Starting from the first line below, count the lines carrying the string "open" and answer with the count by itself.

<<<<

(* Let $\beta>0$, $\lambda>0$, and $\mathcal A\subset\{1,\dots,p\}$ with $|\mathcal A|=k$. Then $\frac{d}{dc}P(I_\lambda\mid c,\boldsymbol z_{\mathcal A}=\mathbf 1)\big|_{c=0}=0$ for all $\lambda>0$, and $\frac{d}{dc}P(S_\lambda\mid c,\boldsymbol\beta_{\mathcal A}=\beta\mathbf 1)\big|_{c=0}\ge0$ for all $\lambda$ satisfying \[ 2\lambda_n\ge\frac{g(\tau_n)}{G(\tau_n)}, \] where $G$ and $g$ are the $N(0,1)$ cumulative distribution function and density, $\lambda_n=\lambda\sqrt n$ and $\tau_n=\sqrt n(\beta-\lambda)$.
   Context: Fix integers $n\ge1$ and $1\le k<p$. $\mathbf J$ is an all-ones matrix; vector inequalities and absolute values are componentwise. For real $c$ with $-(k-1)^{-1}<c<1$ let $\mathbf C=(1-c)\mathbf I_p+c\mathbf J_p$. For $\mathcal A$ with complement $\mathcal I$ let $\mathbf C_{\mathcal A},\mathbf C_{\mathcal I},\mathbf C_{\mathcal I\mathcal A},\mathbf C_{\mathcal A\mathcal I}$ be the submatrices (rows, columns). For a sign vector $\boldsymbol z_{\mathcal A}\in\{-1,1\}^k$ with $\mathbf Z_{\mathcal A}=\mathrm{Diag}(\boldsymbol z_{\mathcal A})$ and $\boldsymbol\beta_{\mathcal A}\in\mathbb R^k$ with that sign vector: $P(S_\lambda\mid c,\boldsymbol\beta_{\mathcal A})=P(\boldsymbol u<\sqrt n\,\mathbf Z_{\mathcal A}\boldsymbol\beta_{\mathcal A})$ with $\boldsymbol u\sim N(\lambda\sqrt n\,\mathbf Z_{\mathcal A}\mathbf C_{\mathcal A}^{-1}\boldsymbol z_{\mathcal A},\ \mathbf Z_{\mathcal A}\mathbf C_{\mathcal A}^{-1}\mathbf Z_{\mathcal A})$, and $P(I_\lambda\mid c,\boldsymbol z_{\mathcal A})=P(|\boldsymbol v|\le\lambda\sqrt n\mathbf 1)$ with $\boldsymbol v\sim N(\lambda\sqrt n\,\mathbf C_{\mathcal I\mathcal A}\mathbf C_{\mathcal A}^{-1}\boldsymbol z_{\mathcal A},\ \mathbf C_{\mathcal I}-\mathbf C_{\mathcal I\mathcal A}\mathbf C_{\mathcal A}^{-1}\mathbf C_{\mathcal A\mathcal I})$. (These are the lasso sign recovery events for a design with scaling matrix $\mathbf V=\mathbf I$ and completely symmetric correlation matrix $\mathbf C$.) *)

theory Defs
  imports "HOL-Probability.Probability"
begin

text \<open>Matrices are functions nat => nat => real; vectors are nat => real; the relevant
  index set S (a finite set of naturals) is always passed explicitly.\<close>

definition cs_corr :: "real \<Rightarrow> nat \<Rightarrow> nat \<Rightarrow> real" where
  "cs_corr c i j = (if i = j then 1 else c)"

definition minv :: "nat set \<Rightarrow> (nat \<Rightarrow> nat \<Rightarrow> real) \<Rightarrow> (nat \<Rightarrow> nat \<Rightarrow> real)" where
  "minv S M = (SOME N.
      (\<forall>i\<in>S. \<forall>j\<in>S. (\<Sum>l\<in>S. M i l * N l j) = (if i = j then 1 else 0)) \<and>
      (\<forall>i\<in>S. \<forall>j\<in>S. (\<Sum>l\<in>S. N i l * M l j) = (if i = j then 1 else 0)))"

definition mdet :: "nat set \<Rightarrow> (nat \<Rightarrow> nat \<Rightarrow> real) \<Rightarrow> real" where
  "mdet S M = (\<Sum>\<pi>\<in>{\<pi>. \<pi> permutes S}. of_int (sign \<pi>) * (\<Prod>i\<in>S. M i (\<pi> i)))"

definition mvn_density :: "nat set \<Rightarrow> (nat \<Rightarrow> real) \<Rightarrow> (nat \<Rightarrow> nat \<Rightarrow> real) \<Rightarrow> (nat \<Rightarrow> real) \<Rightarrow> real" where
  "mvn_density S mu Sg x =
     exp (- (1/2) * (\<Sum>i\<in>S. \<Sum>j\<in>S. (x i - mu i) * minv S Sg i j * (x j - mu j)))
     / sqrt ((2 * pi) ^ card S * mdet S Sg)"

definition mvn_prob :: "nat set \<Rightarrow> (nat \<Rightarrow> real) \<Rightarrow> (nat \<Rightarrow> nat \<Rightarrow> real) \<Rightarrow> (nat \<Rightarrow> real) set \<Rightarrow> real" where
  "mvn_prob S mu Sg E =
     set_lebesgue_integral (PiM S (\<lambda>_. lborel)) E (mvn_density S mu Sg)"

text \<open>P(S_lambda | c, beta_A), with sign vector z and Z = Diag z:
  u ~ N(lambda sqrt n Z C_A^{-1} z, Z C_A^{-1} Z), event u < sqrt n Z beta_A.\<close>
definition PS :: "nat \<Rightarrow> real \<Rightarrow> real \<Rightarrow> nat set \<Rightarrow> (nat \<Rightarrow> real) \<Rightarrow> real" where
  "PS n lam c A beta =
    (let z = (\<lambda>i. sgn (beta i)); Ainv = minv A (cs_corr c) in
     mvn_prob A
       (\<lambda>i. lam * sqrt (real n) * z i * (\<Sum>j\<in>A. Ainv i j * z j))
       (\<lambda>i j. z i * Ainv i j * z j)
       {u. \<forall>i\<in>A. u i < sqrt (real n) * z i * beta i})"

>>>>

§ **SOLUTION TO THE EXERCISE**
2